Accession Number : ADA310789

Title :   Design of Gradient Index Optical Thin Films.

Descriptive Note : Doctoral thesis,

Corporate Author : AIR FORCE INST OF TECH WRIGHT-PATTERSON AFB OH

Personal Author(s) : Druessel, Jeffrey J.

PDF Url : ADA310789

Report Date : JUN 1996

Pagination or Media Count : 181

Abstract : This dissertation develops an enhancement to existing inverse Fourier transform gradient index design methods, and develops a new optimal design method for gradient index films using a generalized Fourier series approach. Use of an optimal phase function in Fourier based filter designs reduces the product of index contrast and thickness for desired reflectance spectra. The shape of the reflectance spectrum is recovered with greater fidelity by suppression of Gibbs oscillations and shifting of side lobes into desired wavelength regions. A new method of gradient index thin film design using generalized Fourier series extends the domain of problems for which gradient index solutions can be found. The method is analogous to existing techniques for layer based coating design, but adds the flexibility of gradient index films. A subset of the coefficients of a generalized Fourier series representation of the gradient index of refraction profile are used as variables in a nonlinear constrained optimization formulation. This method is particularly well suited for the design of coatings for laser applications, where only a few, widely separated wavelength requirements exist. The generalized Fourier series method is extended to determined the minimum film thickness needed, as well as the index of refraction profile for the optimal film.

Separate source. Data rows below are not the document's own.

(* Let $\varepsilon\in(0,1/2)$ and $p\ge1$. (i) If $(\mu_n)_n\subset\mathscr P(\mathbb R)$ is a tight sequence of atomless measures, then $\sup_n\operatorname{diam}(I_\varepsilon[\mu_n])<\infty$ and $\sup_n|X_{\mu_n}(s)|<\infty$ for every $s\in(0,1)$. (ii) For all atomless $\mu,\nu\in\mathscr P_p(\mathbb R)$, $$\left|\Big(\int_{I_\varepsilon[\mu]^c}|x|^p\,d\mu\Big)^{1/p}-\Big(\int_{I_\varepsilon[\nu]^c}|x|^p\,d\nu\Big)^{1/p}\right|\le\|X_\mu-X_\nu\|_{L^p([\varepsilon,1-\varepsilon]^c)},$$ where $[\varepsilon,1-\varepsilon]^c=(0,1)\setminus[\varepsilon,1-\varepsilon]$. In particular, if $\mu_n,\mu$ are atomless and $\mu_n\to\mu$ in $\mathbb W_p$, then $\lim_n\int_{I_\varepsilon[\mu_n]^c}|x|^p\,d\mu_n=\int_{I_\varepsilon[\mu]^c}|x|^p\,d\mu$.
   Context: For $\mu\in\mathscr P(\mathbb R)$, $X_\mu(z)=\inf\{a\in\mathbb R:\mu(-\infty,a)>z\}$ for $z\in(0,1)$ is the quantile function, and $I_\varepsilon[\mu]=[X_\mu(\varepsilon),X_\mu(1-\varepsilon)]$. $\mathbb W_p$ is the $p$-Wasserstein distance. *)

theory Defs
  imports "HOL-Probability.Probability"
begin

definition quantile :: "real measure \<Rightarrow> real \<Rightarrow> real" where
  "quantile \<mu> z = Inf {a. measure \<mu> {..<a} > z}"

definition quantile_interval :: "real measure \<Rightarrow> real \<Rightarrow> real set" where
  "quantile_interval \<mu> \<epsilon> = {quantile \<mu> \<epsilon> .. quantile \<mu> (1 - \<epsilon>)}"

definition atomless :: "real measure \<Rightarrow> bool" where
  "atomless \<mu> \<longleftrightarrow> (\<forall>x. measure \<mu> {x} = 0)"

definition Pp :: "real \<Rightarrow> real measure \<Rightarrow> bool" where
  "Pp p \<mu> \<longleftrightarrow> real_distribution \<mu> \<and> integrable \<mu> (\<lambda>x. \<bar>x\<bar> powr p)"

definition couplings :: "real measure \<Rightarrow> real measure \<Rightarrow> (real \<times> real) measure set" where
  "couplings \<mu> \<nu> = {\<pi>. prob_space \<pi> \<and> sets \<pi> = sets (borel :: (real \<times> real) measure) \<and>
      distr \<pi> borel fst = \<mu> \<and> distr \<pi> borel snd = \<nu>}"

text \<open>p-Wasserstein distance (finite for measures in P_p).\<close>
definition wasserstein :: "real \<Rightarrow> real measure \<Rightarrow> real measure \<Rightarrow> real" where
  "wasserstein p \<mu> \<nu> =
     enn2real (INF \<pi>\<in>couplings \<mu> \<nu>. \<integral>\<^sup>+ z. ennreal (\<bar>fst z - snd z\<bar> powr p) \<partial>\<pi>) powr (1 / p)"

definition tail_moment :: "real \<Rightarrow> real \<Rightarrow> real measure \<Rightarrow> real" where
  "tail_moment p \<epsilon> \<mu> = (LINT x:(- quantile_interval \<mu> \<epsilon>)|\<mu>. \<bar>x\<bar> powr p)"

end

theory Submission
  imports Defs
begin

text \<open>
  Tightness confines the quantiles \<open>X\<^sub>\<mu>\<^sub>n(s)\<close> to one bounded interval, which gives (i).
  An atomless \<open>\<mu>\<close> is the image of Lebesgue measure on \<open>(0,1)\<close> under its strictly increasing
  quantile function, and \<open>X\<^sub>\<mu>(z) \<in> I\<^sub>\<epsilon>[\<mu>]\<close> exactly when \<open>\<epsilon> \<le> z \<le> 1 - \<epsilon>\<close>; hence the tail
  moment is the \<open>p\<close>-th power of the \<open>L\<^sup>p\<close> norm of \<open>X\<^sub>\<mu>\<close> on \<open>(0,1) - [\<epsilon>, 1-\<epsilon>]\<close>, and (ii) is the
  reverse Minkowski inequality. If \<open>\<W>\<^sub>p(\<mu>\<^sub>n, \<mu>) \<rightarrow> 0\<close>, nearly optimal couplings together with
  Markov's and Minkowski's inequalities give weak convergence and convergence of the \<open>p\<close>-th
  moments. Weak convergence makes \<open>X\<^sub>\<mu>\<^sub>n \<rightarrow> X\<^sub>\<mu>\<close> at every continuity point of the monotone
  \<open>X\<^sub>\<mu>\<close>, i.e. almost everywhere, and Scheffe's lemma upgrades this, with the convergence of the
  moments, to \<open>L\<^sup>1\<close> convergence of \<open>|X\<^sub>\<mu>\<^sub>n|\<^sup>p\<close>, in particular on the tail region.
\<close>

section \<open>Minkowski's inequality\<close>

lemma convex_on_nonneg_powr:
  assumes "1 \<le> p"
  shows "convex_on {0..} (\<lambda>x::real. x powr p)"
proof -
  have scale: "(s * w) powr p \<le> s * w powr p" if "0 \<le> s" "s \<le> 1" "0 \<le> w" for s w :: real
  proof -
    have "(s * w) powr p = s powr p * w powr p" using that by (simp add: powr_mult)
    also have "\<dots> \<le> s powr 1 * w powr p"
      using that assms by (intro mult_right_mono powr_mono') auto
    finally show ?thesis using that by simp
  qed
  show ?thesis
  proof (rule convex_onI)
    fix t x y :: real assume t: "0 < t" "t < 1" and xy: "x \<in> {0..}" "y \<in> {0..}"
    consider "x = 0" | "y = 0" | "x > 0" "y > 0" using xy by fastforce
    then show "((1 - t) *\<^sub>R x + t *\<^sub>R y) powr p \<le> (1 - t) * x powr p + t * y powr p"
    proof cases
      case 1 then show ?thesis using scale[of t y] t xy by simp
    next
      case 2 then show ?thesis using scale[of "1 - t" x] t xy by simp
    next
      case 3 then show ?thesis using convex_onD[OF powr_convex[OF assms], of t x y] t by simp
    qed
  qed simp
qed

text \<open>Convexity of \<open>x powr p\<close> at \<open>(A/(A+B)) (|u|/A) + (B/(A+B)) (|v|/B)\<close>; integrated with \<open>A\<close>, \<open>B\<close> the
  \<open>L\<^sup>p\<close> norms of the two summands, it yields Minkowski's inequality.\<close>

lemma abs_add_powr_le:
  fixes u v p :: real
  assumes "1 \<le> p" "0 < A" "0 < B"
  shows "\<bar>u + v\<bar> powr p \<le>
    (A + B) powr p * (A / (A + B) * (\<bar>u\<bar> powr p / A powr p) + B / (A + B) * (\<bar>v\<bar> powr p / B powr p))"
proof -
  define t where "t = B / (A + B)"
  have t: "0 \<le> t" "t \<le> 1" "1 - t = A / (A + B)" using assms by (auto simp: t_def field_simps)
  have "(1 - t) * (\<bar>u\<bar> / A) + t * (\<bar>v\<bar> / B) = (\<bar>u\<bar> + \<bar>v\<bar>) / (A + B)"
    using assms by (simp only: t(3)) (simp add: t_def add_divide_distrib)
  then have "\<bar>u + v\<bar> / (A + B) \<le> (1 - t) * (\<bar>u\<bar> / A) + t * (\<bar>v\<bar> / B)"
    using assms by (simp add: divide_right_mono)
  then have "(\<bar>u + v\<bar> / (A + B)) powr p \<le> ((1 - t) * (\<bar>u\<bar> / A) + t * (\<bar>v\<bar> / B)) powr p"
    using assms by (intro powr_mono2) auto
  also have "\<dots> \<le> (1 - t) * (\<bar>u\<bar> / A) powr p + t * (\<bar>v\<bar> / B) powr p"
    using convex_onD[OF convex_on_nonneg_powr[OF assms(1)], of t "\<bar>u\<bar> / A" "\<bar>v\<bar> / B"] t assms by simp
  finally show ?thesis
    using assms unfolding t(3) unfolding t_def by (simp add: powr_divide pos_divide_le_eq mult.commute)
qed

lemma integrable_abs_add_powr:
  fixes f g :: "'a \<Rightarrow> real"
  assumes "0 \<le> p" and [measurable]: "f \<in> borel_measurable M" "g \<in> borel_measurable M"
    and "integrable M (\<lambda>x. \<bar>f x\<bar> powr p)" "integrable M (\<lambda>x. \<bar>g x\<bar> powr p)"
  shows "integrable M (\<lambda>x. \<bar>f x + g x\<bar> powr p)"
proof (rule Bochner_Integration.integrable_bound)
  show "integrable M (\<lambda>x. 2 powr p * (\<bar>f x\<bar> powr p + \<bar>g x\<bar> powr p))"
    using assms by auto
  have "\<bar>u + v\<bar> powr p \<le> 2 powr p * (\<bar>u\<bar> powr p + \<bar>v\<bar> powr p)" for u v :: real
  proof -
    have "\<bar>u + v\<bar> powr p \<le> (2 * max \<bar>u\<bar> \<bar>v\<bar>) powr p"
      using \<open>0 \<le> p\<close> by (intro powr_mono2) auto
    also have "\<dots> = 2 powr p * max \<bar>u\<bar> \<bar>v\<bar> powr p" by (simp add: powr_mult)
    also have "\<dots> \<le> 2 powr p * (\<bar>u\<bar> powr p + \<bar>v\<bar> powr p)"
      by (intro mult_left_mono) (auto simp: max_def)
    finally show ?thesis .
  qed
  then show "AE x in M. norm (\<bar>f x + g x\<bar> powr p) \<le> norm (2 powr p * (\<bar>f x\<bar> powr p + \<bar>g x\<bar> powr p))"
    by simp
qed measurable

theorem Minkowski_inequality:
  fixes f g :: "'a \<Rightarrow> real"
  assumes p: "1 \<le> p" and [measurable]: "f \<in> borel_measurable M" "g \<in> borel_measurable M"
    and f: "integrable M (\<lambda>x. \<bar>f x\<bar> powr p)" and g: "integrable M (\<lambda>x. \<bar>g x\<bar> powr p)"
  shows "(\<integral>x. \<bar>f x + g x\<bar> powr p \<partial>M) powr (1/p) \<le>
    (\<integral>x. \<bar>f x\<bar> powr p \<partial>M) powr (1/p) + (\<integral>x. \<bar>g x\<bar> powr p \<partial>M) powr (1/p)"
    (is "?S powr _ \<le> ?a + ?b")
proof (rule field_le_epsilon)
  fix e :: real assume "0 < e"
  \<comment> \<open>The slack keeps \<open>A\<close> and \<open>B\<close> positive when a norm vanishes.\<close>
  define A B where "A = ?a + e/2" and "B = ?b + e/2"
  have AB: "0 < A" "0 < B" using \<open>0 < e\<close> by (auto simp: A_def B_def add_nonneg_pos)
  have "?a powr p \<le> A powr p" "?b powr p \<le> B powr p"
    using p \<open>0 < e\<close> by (auto simp: A_def B_def intro!: powr_mono2)
  then have le1: "(\<integral>x. \<bar>f x\<bar> powr p \<partial>M) / A powr p \<le> 1" "(\<integral>x. \<bar>g x\<bar> powr p \<partial>M) / B powr p \<le> 1"
    using p AB by (simp_all add: powr_powr integral_nonneg_AE)
  have "?S \<le> (\<integral>x. (A + B) powr p * (A / (A + B) * (\<bar>f x\<bar> powr p / A powr p)
      + B / (A + B) * (\<bar>g x\<bar> powr p / B powr p)) \<partial>M)"
    using f g AB p by (intro integral_mono integrable_abs_add_powr abs_add_powr_le) auto
  also have "\<dots> = (A + B) powr p * (A / (A + B) * ((\<integral>x. \<bar>f x\<bar> powr p \<partial>M) / A powr p)
      + B / (A + B) * ((\<integral>x. \<bar>g x\<bar> powr p \<partial>M) / B powr p))"
    using f g by simp
  also have "\<dots> \<le> (A + B) powr p * (A / (A + B) + B / (A + B))"
    using AB le1 by (intro mult_left_mono add_mono mult_left_le) auto
  also have "\<dots> = (A + B) powr p"
    using AB by (simp add: add_divide_distrib[symmetric])
  finally have "?S powr (1/p) \<le> ((A + B) powr p) powr (1/p)"
    using p by (intro powr_mono2) (auto intro: integral_nonneg_AE)
  also have "\<dots> = ?a + ?b + e"
    using AB p by (simp add: powr_powr A_def B_def)
  finally show "?S powr (1/p) \<le> ?a + ?b + e" .
qed

corollary Minkowski_reverse_triangle:
  fixes f g :: "'a \<Rightarrow> real"
  assumes p: "1 \<le> p" and [measurable]: "f \<in> borel_measurable M" "g \<in> borel_measurable M"
    and f: "integrable M (\<lambda>x. \<bar>f x\<bar> powr p)" and g: "integrable M (\<lambda>x. \<bar>g x\<bar> powr p)"
  shows "\<bar>(\<integral>x. \<bar>f x\<bar> powr p \<partial>M) powr (1/p) - (\<integral>x. \<bar>g x\<bar> powr p \<partial>M) powr (1/p)\<bar>
    \<le> (\<integral>x. \<bar>f x - g x\<bar> powr p \<partial>M) powr (1/p)"
proof -
  have fg: "integrable M (\<lambda>x. \<bar>f x - g x\<bar> powr p)"
    using integrable_abs_add_powr[of p f M "\<lambda>x. - g x"] p f g by simp
  then have gf: "integrable M (\<lambda>x. \<bar>g x - f x\<bar> powr p)"
    by (simp add: abs_minus_commute)
  have "(\<integral>x. \<bar>f x\<bar> powr p \<partial>M) powr (1/p) \<le>
      (\<integral>x. \<bar>f x - g x\<bar> powr p \<partial>M) powr (1/p) + (\<integral>x. \<bar>g x\<bar> powr p \<partial>M) powr (1/p)"
    using Minkowski_inequality[OF p _ _ fg g] by simp
  moreover have "(\<integral>x. \<bar>g x\<bar> powr p \<partial>M) powr (1/p) \<le>
      (\<integral>x. \<bar>f x - g x\<bar> powr p \<partial>M) powr (1/p) + (\<integral>x. \<bar>f x\<bar> powr p \<partial>M) powr (1/p)"
    using Minkowski_inequality[OF p _ _ gf f] by (simp add: abs_minus_commute)
  ultimately show ?thesis by linarith
qed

Descriptors :   *OPTICAL COATINGS, *LASER COMPONENTS, FOURIER TRANSFORMATION, REQUIREMENTS, CONTRAST, OPTIMIZATION, LAYERS, REFRACTIVE INDEX, THESES, NONLINEAR OPTICS, LASER APPLICATIONS, PROFILES, SHIFTING, SEPARATION, REFLECTANCE, FOURIER ANALYSIS, GRADIENTS, OPTICAL FILTERS, FOURIER SPECTROSCOPY.

Subject Categories : Optics
      Lasers and Masers

Distribution Statement : APPROVED FOR PUBLIC RELEASE